Unmanned surface vessels (USVs) are vital to numerous applications such as transportation, environmental monitoring, exploration, and rescue [ 1 – 6 ].

The study of USVs has been developed as an interdisciplinary field involving, e.g., advanced control theory, mechanical, electronic. Effective motion control is of significant importance to ensuring navigation safety for USVs. The key components for the motion control of USVs are guidance, navigation, and control (GNC) which play a critical role to the development of USV's intelligence and autonomy [ 7 – 12 ]. In particular, the utilization of high-performance guidance and control methods is in high demand to increase the deployments and applications of USVs [ 13 – 15 ].

As one critical aspect of the motion control system, the path following issue of USVs is investigated in-depth in this study. Given a typical motion control scenario, the path following makes a vessel follow a predefined geometric path without any time constraints [ 16 – 19 ]. The holistic task was completed mainly depending on three subsystems which are guidance subsystem, dynamic model regarded as the control model, and control subsystem [ 13 , 18 ].

Generally, it is hard to describe and capture USV's motions with high reality due to some complicated characteristics such as hydrodynamic interactions, underactuated propulsion systems [ 13 , 20 ]. The above fact means that it is challenging to develop a path-following controller with an accurate dynamic model.
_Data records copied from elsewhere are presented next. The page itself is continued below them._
text \<open>The majorant \<open>t e^t |fourier_hat a k 0|\<close> comes from \<open>|e^z - 1| \<le> |z| e^|z|\<close>; this is the
  only place where the integrability of \<open>fourier_hat a\<close> is used.\<close>

lemma tendsto_smoothed_trans_integral:
  assumes hat_L1: "integrable lborel (\<lambda>k. fourier_hat a k 0)" and t: "0 \<le> t" and \<sigma>: "\<sigma> \<longlonglongrightarrow> 0"
  shows "(\<lambda>m. \<integral>k. complex_of_real (gaussian_cutoff (\<sigma> m) k) * exp (\<i> * complex_of_real (k \<bullet> x))
              * (exp (complex_of_real t * fourier_hat a k 0) - 1) \<partial>lborel)
    \<longlonglongrightarrow> (\<integral>k. exp (\<i> * complex_of_real (k \<bullet> x)) * (exp (complex_of_real t * fourier_hat a k 0) - 1) \<partial>lborel)"
proof -
  define E where "E k = exp (\<i> * complex_of_real (k \<bullet> x)) * (exp (complex_of_real t * fourier_hat a k 0) - 1)" for k
  have E_le: "norm (E k) \<le> t * exp t * norm (fourier_hat a k 0)" for k
  proof -
    have "norm (E k) \<le> t * norm (fourier_hat a k 0) * exp (t * norm (fourier_hat a k 0))"
      using norm_exp_minus_one_le[of "complex_of_real t * fourier_hat a k 0"] t
      by (simp add: E_def norm_mult)
    also have "\<dots> \<le> t * norm (fourier_hat a k 0) * exp t"
      using t norm_fourier_hat_le_1[of k] by (intro mult_left_mono) (auto simp: mult_left_le)
    finally show ?thesis by (simp add: mult_ac)
  qed
  have "(\<lambda>m. \<integral>k. complex_of_real (gaussian_cutoff (\<sigma> m) k) * E k \<partial>lborel) \<longlonglongrightarrow> (\<integral>k. E k \<partial>lborel)"
  proof (rule integral_dominated_convergence[where w="\<lambda>k. t * exp t * norm (fourier_hat a k 0)"])
    show "integrable lborel (\<lambda>k. t * exp t * norm (fourier_hat a k 0))"
      by (intro integrable_mult_right integrable_norm hat_L1)
    show "AE k in lborel. (\<lambda>m. complex_of_real (gaussian_cutoff (\<sigma> m) k) * E k) \<longlonglongrightarrow> E k"
      using \<sigma> by (intro AE_I2) (auto intro!: tendsto_eq_intros gaussian_cutoff_tendsto_1)
    show "AE k in lborel. norm (complex_of_real (gaussian_cutoff (\<sigma> m) k) * E k) \<le> t * exp t * norm (fourier_hat a k 0)" for m
    proof (rule AE_I2)
      fix k
      have "norm (complex_of_real (gaussian_cutoff (\<sigma> m) k) * E k) \<le> norm (E k)"
        using gaussian_cutoff_pos[of "\<sigma> m" k] gaussian_cutoff_le_1[of "\<sigma> m" k]
        by (simp add: norm_mult mult_left_le_one_le)
      then show "norm (complex_of_real (gaussian_cutoff (\<sigma> m) k) * E k) \<le> t * exp t * norm (fourier_hat a k 0)"
        using E_le[of k] by linarith
    qed
  qed (simp_all add: E_def)
  then show ?thesis
    by (simp add: E_def mult.assoc)
qed

lemma norm_trans_integral_weighted_le:
  assumes hat_L1: "integrable lborel (\<lambda>k. fourier_hat a k 0)" and t: "0 \<le> t"
    and weight_le: "\<And>y. a y * exp (\<tau> \<bullet> y) \<le> C"
    and weight_int: "integrable lborel (\<lambda>y. a y * exp (\<tau> \<bullet> y))"
  shows "norm (\<integral>k. exp (\<i> * complex_of_real (k \<bullet> x)) * (exp (complex_of_real t * fourier_hat a k 0) - 1) \<partial>lborel)
      * exp (\<tau> \<bullet> x)
    \<le> C * ((2*pi)^DIM('a) * exp ((norm \<tau>)^2 / 2)) * (t * exp (t * exp_moment a \<tau>))"
proof -
  define \<sigma> where "\<sigma> m = inverse (real (Suc m))" for m
  have "\<sigma> \<longlonglongrightarrow> 0"
    unfolding \<sigma>_def by (rule LIMSEQ_inverse_real_of_nat)
  moreover have "norm (\<integral>k. complex_of_real (gaussian_cutoff (\<sigma> m) k) * exp (\<i> * complex_of_real (k \<bullet> x))
              * (exp (complex_of_real t * fourier_hat a k 0) - 1) \<partial>lborel) * exp (\<tau> \<bullet> x)
      \<le> C * ((2*pi)^DIM('a) * exp ((norm \<tau>)^2 / 2)) * (t * exp (t * exp_moment a \<tau>))" for m
  proof -
    have \<sigma>: "0 < \<sigma> m" "\<sigma> m \<le> 1"
      by (simp_all add: \<sigma>_def inverse_le_1_iff)
    then have "(\<sigma> m)^2 * (norm \<tau>)^2 \<le> (norm \<tau>)^2"
      by (intro mult_left_le_one_le) (auto simp: power_le_one)
    then have "C * ((2*pi)^DIM('a) * exp ((\<sigma> m)^2 * (norm \<tau>)^2 / 2)) * (t * exp (t * exp_moment a \<tau>))
        \<le> C * ((2*pi)^DIM('a) * exp ((norm \<tau>)^2 / 2)) * (t * exp (t * exp_moment a \<tau>))"
      using weight_le[of 0] a_nonneg[of 0] t by (intro mult_right_mono mult_left_mono) auto
    then show ?thesis
      using norm_smoothed_trans_integral_weighted_le[OF \<sigma>(1) t weight_le weight_int, of x] by linarith
  qed
  ultimately show ?thesis
    by (intro LIMSEQ_le_const2[OF tendsto_mult_right[OF tendsto_norm[OF tendsto_smoothed_trans_integral[OF hat_L1 t]]]])
       auto
qed

lemma trans_density_le_exp_moment:
  assumes hat_L1: "integrable lborel (\<lambda>k. fourier_hat a k 0)" and t: "0 \<le> t"
    and weight_le: "\<And>y. a y * exp (\<tau> \<bullet> y) \<le> C"
    and weight_int: "integrable lborel (\<lambda>y. a y * exp (\<tau> \<bullet> y))"
  shows "trans_density a t x \<le> C * exp ((norm \<tau>)^2 / 2) * t * exp (t * (exp_moment a \<tau> - 1) - \<tau> \<bullet> x)"
proof -
  define I where "I = (\<integral>k. exp (\<i> * complex_of_real (k \<bullet> x)) * (exp (complex_of_real t * fourier_hat a k 0) - 1) \<partial>lborel)"
  have "trans_density a t x \<le> norm (complex_of_real (exp (- t) / (2 * pi) ^ DIM('a)) * I)"
    unfolding trans_density_def I_def by (rule complex_Re_le_cmod)
  also have "\<dots> = exp (- t) / (2 * pi) ^ DIM('a) * norm I"
    unfolding norm_mult norm_of_real by simp
  also have "\<dots> = exp (- t) / (2 * pi) ^ DIM('a) * (norm I * exp (\<tau> \<bullet> x)) * exp (- (\<tau> \<bullet> x))"
    by (simp add: exp_minus)
  also have "\<dots> \<le> exp (- t) / (2 * pi) ^ DIM('a)
      * (C * ((2*pi)^DIM('a) * exp ((norm \<tau>)^2 / 2)) * (t * exp (t * exp_moment a \<tau>))) * exp (- (\<tau> \<bullet> x))"
    unfolding I_def by (intro mult_right_mono mult_left_mono norm_trans_integral_weighted_le[OF hat_L1 t weight_le weight_int]) auto
  also have "\<dots> = C * exp ((norm \<tau>)^2 / 2) * t * exp (t * (exp_moment a \<tau> - 1) - \<tau> \<bullet> x)"
    by (simp add: exp_diff exp_minus exp_add field_simps)
  finally show ?thesis .
qed

end

section \<open>The exponential moment near the origin\<close>

lemma sinh_scale_le:
  fixes l s :: real
  assumes l: "0 \<le> l" "l \<le> 1" and s: "0 \<le> s"
  shows "sinh (l * s) \<le> l * sinh s"
proof -
  have "(\<lambda>u. l * sinh u - sinh (l * u)) 0 \<le> (\<lambda>u. l * sinh u - sinh (l * u)) s"
  proof (rule DERIV_nonneg_imp_nondecreasing[OF s])
    fix u :: real assume u: "0 \<le> u" "u \<le> s"
    have "cosh (l * u) \<le> cosh u"
      using l u by (subst cosh_real_nonneg_le_iff) (auto simp: mult_left_le_one_le)
    then have "0 \<le> l * cosh u - cosh (l * u) * l"
      using l by (simp add: algebra_simps mult_left_mono)
    moreover have "((\<lambda>u. l * sinh u - sinh (l * u)) has_real_derivative (l * cosh u - cosh (l * u) * l)) (at u)"
      by (auto intro!: derivative_eq_intros)
    ultimately show "\<exists>y. ((\<lambda>u. l * sinh u - sinh (l * u)) has_real_derivative y) (at u) \<and> 0 \<le> y"
      by blast
  qed
  then show ?thesis by simp
qed

lemma cosh_scale_le:
  fixes l s :: real
  assumes l: "0 \<le> l" "l \<le> 1"
  shows "cosh (l * s) - 1 \<le> l^2 * (cosh s - 1)"
proof -
  have nonneg: "cosh (l * s) - 1 \<le> l^2 * (cosh s - 1)" if s: "0 \<le> s" for s
  proof -
    have "(\<lambda>u. l^2 * (cosh u - 1) - (cosh (l * u) - 1)) 0 \<le> (\<lambda>u. l^2 * (cosh u - 1) - (cosh (l * u) - 1)) s"
    proof (rule DERIV_nonneg_imp_nondecreasing[OF s])
      fix u :: real assume u: "0 \<le> u" "u \<le> s"
      have "0 \<le> l^2 * sinh u - sinh (l * u) * l"
        using sinh_scale_le[OF l u(1)] l by (simp add: power2_eq_square algebra_simps mult_left_mono)
      moreover have "((\<lambda>u. l^2 * (cosh u - 1) - (cosh (l * u) - 1)) has_real_derivative (l^2 * sinh u - sinh (l * u) * l)) (at u)"
        by (auto intro!: derivative_eq_intros)
      ultimately show "\<exists>y. ((\<lambda>u. l^2 * (cosh u - 1) - (cosh (l * u) - 1)) has_real_derivative y) (at u) \<and> 0 \<le> y"
        by blast
    qed
    then show ?thesis by simp
  qed
  show ?thesis
    using nonneg[of s] nonneg[of "- s"] by (cases "0 \<le> s") auto
qed

context jump_density
begin

lemma weight_le_decay:
  assumes decay: "\<And>y. a y \<le> C * exp (- \<delta> * norm y)" and \<tau>: "norm \<tau> \<le> e"
  shows "a y * exp (\<tau> \<bullet> y) \<le> C * exp (- (\<delta> - e) * norm y)"
proof -
  have "\<tau> \<bullet> y \<le> e * norm y"
    using order_trans[OF norm_cauchy_schwarz mult_right_mono[OF \<tau> norm_ge_zero]] .
  then have "a y * exp (\<tau> \<bullet> y) \<le> C * exp (- \<delta> * norm y) * exp (e * norm y)"
    using a_nonneg[of y] decay[of y] by (intro mult_mono) auto
  then show ?thesis
    by (simp add: algebra_simps flip: exp_add)
qed

lemma integrable_weight:
  assumes decay: "\<And>y. a y \<le> C * exp (- \<delta> * norm y)" and \<tau>: "norm \<tau> \<le> e" and "e < \<delta>"
  shows "integrable lborel (\<lambda>y. a y * exp (\<tau> \<bullet> y))"
proof (rule Bochner_Integration.integrable_bound)
  show "integrable lborel (\<lambda>y::'a. C * exp (- (\<delta> - e) * norm y))"
    using \<open>e < \<delta>\<close> by (intro integrable_mult_right integrable_exp_neg_norm) simp
  show "AE y in lborel. norm (a y * exp (\<tau> \<bullet> y)) \<le> norm (C * exp (- (\<delta> - e) * norm y))"
    using weight_le_decay[OF decay \<tau>] a_nonneg by (intro AE_I2) (simp add: order_trans[OF _ abs_ge_self])
qed measurable

lemma
  assumes symm: "\<And>y. a y = a (- y)" and weight_int: "integrable lborel (\<lambda>y. a y * exp (\<tau> \<bullet> y))"
  shows integrable_cosh_weight: "integrable lborel (\<lambda>y. a y * cosh (\<tau> \<bullet> y))"
    and integral_cosh_weight: "(\<integral>y. a y * cosh (\<tau> \<bullet> y) \<partial>lborel) = exp_moment a \<tau>"
proof -
  have reflect: "a (0 - y) * exp (\<tau> \<bullet> (0 - y)) = a y * exp ((- \<tau>) \<bullet> y)" for y
    using symm[of y] by simp
  have cosh: "a y * cosh (\<tau> \<bullet> y) = (a y * exp (\<tau> \<bullet> y) + a y * exp ((- \<tau>) \<bullet> y)) / 2" for y
    by (simp add: cosh_def algebra_simps)
  have int_reflect: "integrable lborel (\<lambda>y. a y * exp ((- \<tau>) \<bullet> y))"
    using integrable_lborel_reflect[OF weight_int, of 0] by (simp only: reflect)
  show "integrable lborel (\<lambda>y. a y * cosh (\<tau> \<bullet> y))"
    unfolding cosh using weight_int int_reflect by simp
  have "(\<integral>y. a y * exp ((- \<tau>) \<bullet> y) \<partial>lborel) = exp_moment a \<tau>"
    using integral_lborel_reflect[of "\<lambda>y. a y * exp (\<tau> \<bullet> y)" 0] by (simp only: reflect exp_moment_def)
  then show "(\<integral>y. a y * cosh (\<tau> \<bullet> y) \<partial>lborel) = exp_moment a \<tau>"
    unfolding cosh using weight_int int_reflect by (simp add: exp_moment_def)
qed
Therefore, many researches are devoted to the establishment of simplified dynamic models of USV systems among which some have been applied in practical engineering [ 21 – 24 ]. From the study in Refs. [ 21 ] and [ 25 ] where a simplified forward speed model for capturing surge motion in combination with a Nomoto model with sideslip angle in describing steering motion was employed in the development of USV controller, we can see that the applied control model matches well the requirement. Therefore, such control model will be employed in this study. After the model is determined, the parameters involved in the model should be estimated through suitable method, which is able to be de-alt with by the system identification technique.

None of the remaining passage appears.